More on Beef Innards
Mild, tender sweetbreads in flavorful sauces were once popular all
over North America and most of Europe, but today are served mostly
to connoisseurs in fancy restaurants. They are still popular in
Mediterranean and some other ethnic cuisines, and are well worth
your attention
Buying:
You won't find these in your average supermarket,
but ethnic meat markets, particularly those serving Latin American or
Near Eastern communities may have them. You will generally find only the
thymus as the pancreas fetches a higher price in the fancy restaurant
trade.
The photo specimen was bought from a large multi-ethnic market here in
Los Angeles (San Gabriel). It was packed in a plastic tub, but other
markets may have them in sealed vacuum pack bags or on a shrink wrapped
foam tray. In regions without ethnic markets you will have to order from
a specialty meat market, probably at a higher price. Buy them well before
the expiry date and cook them right after purchase as organ meats are
quite perishable (and market expiry dates tend to be over-optimistic).
Some "gourmet" recipes call for "milk fed veal sweetbreads", but we
don't have those around here. They're probably all sent to fancy
restaurants in New York and San Francisco, where they can fetch an
outrageous price. Here in Los Angeles, world center for ethnic cuisines,
we're fine with more robust flavors.
Yield:
After soaking, par boiling and pressing as shown
below, you will have about 46% of the weight as bought. Recipes almost
always give the weight "as purchased" and expect the weight loss. Yield
may be a little higher if all these steps are not followed.
Prep:
The way they're sold around here, sweetbreads
are pretty much ready to go, so step 1 may not be needed.
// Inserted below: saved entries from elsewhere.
lemma kapply_l2:
  assumes mm: "mixed_memory T V \<rho>" and \<psi>: "\<psi> \<in> l2 T V"
  shows "kapply T V \<rho> \<psi> \<in> l2 T V"
proof (rule l2I)
  obtain K where bound: "\<And>s. cmod (kapply T V \<rho> \<psi> s) \<le> sqrt (Re (\<rho> s s)) * K"
    using kapply_norm_le[OF mm \<psi>] by blast
  show "(\<lambda>m. (cmod (kapply T V \<rho> \<psi> m))^2) summable_on asg T V"
  proof (rule summable_on_comparison_test)
    show "(\<lambda>m. Re (\<rho> m m) * K^2) summable_on asg T V"
      by (rule summable_on_cmult_left[OF mixed_memory_diag_Re_summable[OF mm]])
    show "(cmod (kapply T V \<rho> \<psi> m))^2 \<le> Re (\<rho> m m) * K^2" for m
      using power_mono[OF bound[of m] norm_ge_zero, of 2] mixed_memory_diag[OF mm, of m]
      by (simp add: power_mult_distrib)
  qed simp
  show "kapply T V \<rho> \<psi> m = 0" if "m \<notin> asg T V" for m
    unfolding kapply_def using mixed_memory_zero[OF mm] that by simp
qed

lemma l2closure_superset: "\<phi> \<in> S \<Longrightarrow> \<phi> \<in> l2 T V \<Longrightarrow> \<phi> \<in> l2closure T V S"
  unfolding l2closure_def l2norm_def by (auto intro!: exI[of _ "\<lambda>_. \<phi>"])

lemma l2closure_mono: "S \<subseteq> S' \<Longrightarrow> l2closure T V S \<subseteq> l2closure T V S'"
  unfolding l2closure_def by blast

lemma lin_span_c_superset: "\<phi> \<in> S \<Longrightarrow> \<phi> \<in> lin_span_c S"
  unfolding lin_span_c_def by (auto intro!: exI[of _ 1] exI[of _ "\<lambda>_. 1"] exI[of _ "\<lambda>_. \<phi>"])

lemma ket0_l2:
  assumes "z x \<in> T x"
  shows "ket0 z {x} \<in> l2 T {x}"
proof (rule l2I)
  have z: "restr {x} z \<in> asg T {x}"
    by (rule asgI) (auto simp: restr_def assms)
  show "ket0 z {x} m = 0" if "m \<notin> asg T {x}" for m
    using that z unfolding ket0_def by auto
  have "(\<lambda>m. (cmod (ket0 z {x} m))^2) summable_on {restr {x} z}"
    by simp
  then show "(\<lambda>m. (cmod (ket0 z {x} m))^2) summable_on asg T {x}"
    by (rule summable_on_cong_neutral[THEN iffD2, rotated 3]) (auto simp: ket0_def z)
qed

subsection \<open>Partial traces\<close>

lemma merge_merge: "merge W2 b (merge W1 a s) = merge (W1 \<union> W2) (merge W2 b a) s"
  by (auto simp: merge_def)

lemma inj_on_merge: "inj_on (\<lambda>u. merge W u s) (asg T W)"
proof (rule inj_onI)
  fix u u' assume "u \<in> asg T W" "u' \<in> asg T W" "merge W u s = merge W u' s"
  then show "u = u'"
  proof (intro ext)
    fix v
    show "u v = u' v"
      using fun_cong[OF \<open>merge W u s = merge W u' s\<close>, of v]
        asg_undefined[OF \<open>u \<in> asg T W\<close>, of v] asg_undefined[OF \<open>u' \<in> asg T W\<close>, of v]
      by (auto simp: merge_def split: if_splits)
  qed
qed

lemma bij_betw_merge_asg:
  assumes "W1 \<inter> W2 = {}"
  shows "bij_betw (\<lambda>(a, b). merge W2 b a) (asg T W1 \<times> asg T W2) (asg T (W1 \<union> W2))"
proof (rule bij_betwI[where g = "\<lambda>u. (restr W1 u, restr W2 u)"])
  show "(\<lambda>(a, b). merge W2 b a) \<in> asg T W1 \<times> asg T W2 \<rightarrow> asg T (W1 \<union> W2)"
    using merge_in_asg by (fastforce simp: Un_commute)
  show "(\<lambda>u. (restr W1 u, restr W2 u)) \<in> asg T (W1 \<union> W2) \<rightarrow> asg T W1 \<times> asg T W2"
    by (auto intro: restr_in_asg)
  show "(\<lambda>u. (restr W1 u, restr W2 u)) ((\<lambda>(a, b). merge W2 b a) ab) = ab"
    if "ab \<in> asg T W1 \<times> asg T W2" for ab
    using that assms by (cases ab) (auto simp: restr_def merge_def fun_eq_iff asg_def)
  show "(\<lambda>(a, b). merge W2 b a) (restr W1 u, restr W2 u) = u" if "u \<in> asg T (W1 \<union> W2)" for u
    using asg_undefined[OF that] by (auto simp: restr_def merge_def fun_eq_iff)
qed

lemma ptrace_summable:
  assumes mm: "mixed_memory T Y \<rho>" and W: "W \<subseteq> Y"
    and s: "s \<in> asg T (Y - W)" and t: "t \<in> asg T (Y - W)"
  shows "(\<lambda>u. \<rho> (merge W u s) (merge W u t)) summable_on asg T W"
proof -
  have diag: "(\<lambda>u. Re (\<rho> (merge W u w) (merge W u w))) summable_on asg T W"
    if w: "w \<in> asg T (Y - W)" for w
  proof -
    have "W \<union> (Y - W) = Y"
      using W by auto
    then have "(\<lambda>u. merge W u w) ` asg T W \<subseteq> asg T Y"
      using merge_in_asg[OF _ w, of _ W] by (metis image_subsetI)
    then have "(\<lambda>m. Re (\<rho> m m)) summable_on (\<lambda>u. merge W u w) ` asg T W"
      by (rule summable_on_subset_banach[OF mixed_memory_diag_Re_summable[OF mm]])
    then show ?thesis
      using summable_on_reindex[OF inj_on_merge[of W w T], of "\<lambda>m. Re (\<rho> m m)"] by (simp add: o_def)
  qed
  have "(\<lambda>u. norm (\<rho> (merge W u s) (merge W u t))) summable_on asg T W"
  proof (rule summable_on_comparison_test)
    show "(\<lambda>u. (Re (\<rho> (merge W u s) (merge W u s)) + Re (\<rho> (merge W u t) (merge W u t))) / 2)
        summable_on asg T W"
      using summable_on_cmult_left[OF summable_on_add[OF diag[OF s] diag[OF t]], of "1/2"] by simp
  qed (use mixed_memory_norm_le_mean[OF mm] in auto)
  then show ?thesis
    by (rule abs_summable_summable)
qed

lemma ptrace_Un:
  assumes mm: "mixed_memory T Y \<rho>" and W: "W1 \<union> W2 \<subseteq> Y" "W1 \<inter> W2 = {}"
  shows "ptrace T Y (W1 \<union> W2) \<rho> = ptrace T (Y - W2) W1 (ptrace T Y W2 \<rho>)"
proof (intro ext)
  fix s t
  have Y: "Y - W2 - W1 = Y - (W1 \<union> W2)"
    by auto
  show "ptrace T Y (W1 \<union> W2) \<rho> s t = ptrace T (Y - W2) W1 (ptrace T Y W2 \<rho>) s t"
  proof (cases "s \<in> asg T (Y - (W1 \<union> W2)) \<and> t \<in> asg T (Y - (W1 \<union> W2))")
    case True
    let ?f = "\<lambda>u. \<rho> (merge (W1 \<union> W2) u s) (merge (W1 \<union> W2) u t)"
    let ?g = "\<lambda>(a, b). merge W2 b a"
    have bij: "bij_betw ?g (asg T W1 \<times> asg T W2) (asg T (W1 \<union> W2))"
      by (rule bij_betw_merge_asg[OF W(2)])
    have in_Y_W2: "merge W1 a w \<in> asg T (Y - W2)" if "a \<in> asg T W1" "w \<in> asg T (Y - (W1 \<union> W2))" for a w
    proof -
      have "W1 \<union> (Y - (W1 \<union> W2)) = Y - W2"
        using W by auto
      then show ?thesis using merge_in_asg[OF that] by simp
    qed
    have "(\<lambda>ab. ?f (?g ab)) summable_on asg T W1 \<times> asg T W2"
      using summable_on_reindex_bij_betw[OF bij, of ?f] ptrace_summable[OF mm W(1)] True by simp
    then have "infsum ?f (asg T (W1 \<union> W2))
        = infsum (\<lambda>a. infsum (\<lambda>b. ?f (?g (a, b))) (asg T W2)) (asg T W1)"
      unfolding infsum_reindex_bij_betw[OF bij, of ?f, symmetric]
      by (rule infsum_Sigma_banach[symmetric])
    also have "\<dots> = infsum (\<lambda>a. ptrace T Y W2 \<rho> (merge W1 a s) (merge W1 a t)) (asg T W1)"
      using True in_Y_W2 by (intro infsum_cong) (simp add: ptrace_def merge_merge)
    finally show ?thesis
      using True unfolding ptrace_def[of T Y "W1 \<union> W2"] ptrace_def[of T "Y - W2"] Y by simp
  qed (auto simp: ptrace_def Y)
qed

subsection \<open>Renaming a program variable into a ghost\<close>

definition rename_asg :: "'v \<Rightarrow> 'v \<Rightarrow> ('v \<Rightarrow> 'a) \<Rightarrow> ('v \<Rightarrow> 'a)" where
  "rename_asg x e s = s(x := s e, e := undefined)"

definition init_asgs :: "('v \<Rightarrow> 'a set) \<Rightarrow> ('v \<Rightarrow> 'a) \<Rightarrow> 'v \<Rightarrow> 'v \<Rightarrow> 'v set \<Rightarrow> ('v \<Rightarrow> 'a) set" where
  "init_asgs T z x e V = {s \<in> asg T (insert e V). s x = z x}"

text \<open>The kernel of \<open>\<rho>{e/x} \<otimes> |0\<rangle>\<langle>0|\<^sub>x\<close> over \<open>V \<union> {e}\<close>, for \<open>\<rho>\<close> over \<open>V\<close>.\<close>
definition rename_init :: "('v \<Rightarrow> 'a set) \<Rightarrow> ('v \<Rightarrow> 'a) \<Rightarrow> 'v \<Rightarrow> 'v \<Rightarrow> 'v set
    \<Rightarrow> (('v \<Rightarrow> 'a) \<Rightarrow> ('v \<Rightarrow> 'a) \<Rightarrow> complex) \<Rightarrow> (('v \<Rightarrow> 'a) \<Rightarrow> ('v \<Rightarrow> 'a) \<Rightarrow> complex)" where
  "rename_init T z x e V \<rho> = (\<lambda>s t. if s \<in> init_asgs T z x e V \<and> t \<in> init_asgs T z x e V
      then \<rho> (rename_asg x e s) (rename_asg x e t) else 0)"

definition rename_vec :: "('v \<Rightarrow> 'a set) \<Rightarrow> 'v \<Rightarrow> 'v \<Rightarrow> 'v set
    \<Rightarrow> (('v \<Rightarrow> 'a) \<Rightarrow> complex) \<Rightarrow> (('v \<Rightarrow> 'a) \<Rightarrow> complex)" where
  "rename_vec T x e V \<phi> = (\<lambda>m. if m \<in> asg T (V - {x} \<union> {e}) then \<phi> (rename_asg x e m) else 0)"

lemma rename_vec_in_rename_pred: "\<phi> \<in> A \<Longrightarrow> rename_vec T x e V \<phi> \<in> rename_pred T V x e A"
  unfolding rename_pred_def rename_vec_def rename_asg_def by blast

locale var_renaming =
  fixes T :: "'v \<Rightarrow> 'a set" and z :: "'v \<Rightarrow> 'a" and x e :: 'v and V :: "'v set"
  assumes x_in: "x \<in> V" and e_notin: "e \<notin> V" and type_eq: "T e = T x" and zero_in: "z x \<in> T x"
begin

lemma x_neq_e: "x \<noteq> e"
  using x_in e_notin by blast

lemma init_asgs_subset: "init_asgs T z x e V \<subseteq> asg T (insert e V)"
  unfolding init_asgs_def by blast

lemma bij_betw_rename_init_asgs: "bij_betw (rename_asg x e) (init_asgs T z x e V) (asg T V)"
proof (rule bij_betwI[where g = "\<lambda>m. m(e := m x, x := z x)"])
  show "rename_asg x e \<in> init_asgs T z x e V \<rightarrow> asg T V"
    using x_in e_notin type_eq x_neq_e
    by (auto simp: init_asgs_def rename_asg_def asg_def)
  show "(\<lambda>m. m(e := m x, x := z x)) \<in> asg T V \<rightarrow> init_asgs T z x e V"
    using x_in e_notin type_eq x_neq_e zero_in
    by (auto simp: init_asgs_def asg_def)
  show "(rename_asg x e s)(e := rename_asg x e s x, x := z x) = s" if "s \<in> init_asgs T z x e V" for s
    using that x_neq_e by (auto simp: init_asgs_def rename_asg_def)
  show "rename_asg x e (m(e := m x, x := z x)) = m" if "m \<in> asg T V" for m
    using asg_undefined[OF that, of e] e_notin x_neq_e by (auto simp: rename_asg_def)
qed

lemma bij_betw_rename_asg: "bij_betw (rename_asg x e) (asg T (V - {x} \<union> {e})) (asg T V)"
proof (rule bij_betwI[where g = "\<lambda>m. m(e := m x, x := undefined)"])
  show "rename_asg x e \<in> asg T (V - {x} \<union> {e}) \<rightarrow> asg T V"
    using x_in e_notin type_eq x_neq_e
    by (auto simp: rename_asg_def asg_def)
  show "(\<lambda>m. m(e := m x, x := undefined)) \<in> asg T V \<rightarrow> asg T (V - {x} \<union> {e})"
    using x_in e_notin type_eq x_neq_e
    by (auto simp: asg_def)
  show "(rename_asg x e s)(e := rename_asg x e s x, x := undefined) = s"
    if "s \<in> asg T (V - {x} \<union> {e})" for s
    using asg_undefined[OF that, of x] x_neq_e by (auto simp: rename_asg_def)
  show "rename_asg x e (m(e := m x, x := undefined)) = m" if "m \<in> asg T V" for m
    using asg_undefined[OF that, of e] e_notin x_neq_e by (auto simp: rename_asg_def)
qed

lemma mixed_memory_rename_init:
  assumes mm: "mixed_memory T V \<rho>"
  shows "mixed_memory T (insert e V) (rename_init T z x e V \<rho>)"
proof (rule mixed_memoryI)
  let ?S0 = "init_asgs T z x e V" and ?R = "rename_asg x e"
  have bij: "bij_betw ?R ?S0 (asg T V)"
    by (rule bij_betw_rename_init_asgs)
  show "rename_init T z x e V \<rho> s t = 0" if "s \<notin> asg T (insert e V) \<or> t \<notin> asg T (insert e V)" for s t
    using that init_asgs_subset unfolding rename_init_def by auto
  show "Im (\<Sum>s\<in>F. \<Sum>t\<in>F. cnj (c s) * rename_init T z x e V \<rho> s t * c t) = 0 \<and>
        0 \<le> Re (\<Sum>s\<in>F. \<Sum>t\<in>F. cnj (c s) * rename_init T z x e V \<rho> s t * c t)"
    if F: "finite F" "F \<subseteq> asg T (insert e V)" for F c
  proof -
    define F0 where "F0 = F \<inter> ?S0"
    define c' where "c' = c \<circ> inv_into ?S0 ?R"
    have c': "c s = c' (?R s)" if "s \<in> F0" for s
      using that bij unfolding c'_def F0_def by (simp add: bij_betw_inv_into_left)
    have inj: "inj_on ?R F0"
      using bij unfolding F0_def bij_betw_def by (meson inf_le2 inj_on_subset)
    have "(\<Sum>s\<in>F. \<Sum>t\<in>F. cnj (c s) * rename_init T z x e V \<rho> s t * c t)
        = (\<Sum>s\<in>F0. \<Sum>t\<in>F0. cnj (c s) * rename_init T z x e V \<rho> s t * c t)"
      unfolding F0_def sum.inter_restrict[OF F(1)] by (auto simp: rename_init_def intro!: sum.cong)
    also have "\<dots> = (\<Sum>s\<in>F0. \<Sum>t\<in>F0. cnj (c' (?R s)) * \<rho> (?R s) (?R t) * c' (?R t))"
      by (intro sum.cong refl) (auto simp: c' rename_init_def F0_def)
    also have "\<dots> = (\<Sum>m\<in>?R ` F0. \<Sum>m'\<in>?R ` F0. cnj (c' m) * \<rho> m m' * c' m')"
      by (simp add: sum.reindex[OF inj])
    finally show ?thesis
      using mixed_memory_form_nonneg[OF mm, of "?R ` F0" c'] F(1) bij
      unfolding F0_def bij_betw_def by auto
  qed
  have "(\<lambda>s. \<rho> (?R s) (?R s)) summable_on ?S0"
    using summable_on_reindex_bij_betw[OF bij, of "\<lambda>m. \<rho> m m"] mixed_memory_diag_summable[OF mm] by simp
  then show "(\<lambda>s. rename_init T z x e V \<rho> s s) summable_on asg T (insert e V)"
    by (rule summable_on_cong_neutral[THEN iffD1, rotated 3])
      (use init_asgs_subset in \<open>auto simp: rename_init_def\<close>)
qed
- Trim off any extraneous stringy stuff. Many recipes say to par boil
them about 3 minutes, chill, and remove the external membranes, but
those sold around here are pretty much ready to go with the membrane
already removed.
- Soaking is optional, and is only to give the sweetbreads a lighter
color, which I don't consider at all critical. If you do, rinse them,
then soak for about 4 hours in lightly salted water or milk. Milk is
said to get the best results but I've never used it nor thought it
necessary.
- If you will be dry cooking (grilling, frying, broiling), you want
to do this initial wet cooking to firm up the sweetbreads. Recipes
that go straight into broth to be cooked may not call for this. Place
in a saucepan with cold water to cover well. Squeeze the juice of 2
lemons into the pot and toss the sliced peels in too. Add 1 T salt.
Bring quickly to a boil, then simmer slowly for about 10 minutes.
Some recipes call for vinegar instead of lemon, and the amount of
lemon may vary.
- Chill immediately and thoroughly under cold running water or in
ice water.
- Pressing is optional, but it gives the sweetbreads a firmer
consistency so they are easier to slice neatly. Without it they may
be a little spongy. Pat them dry and place on a plate. Place another
plate on top. Put this assembly in the refrigerator and top it with
a large jar of pickles or a similar weight. Let them sit there for
4 hours, or a little more. The ideal pressed thickness is about 3/4
inch.
- The sweetbreads are now ready to use in any recipe.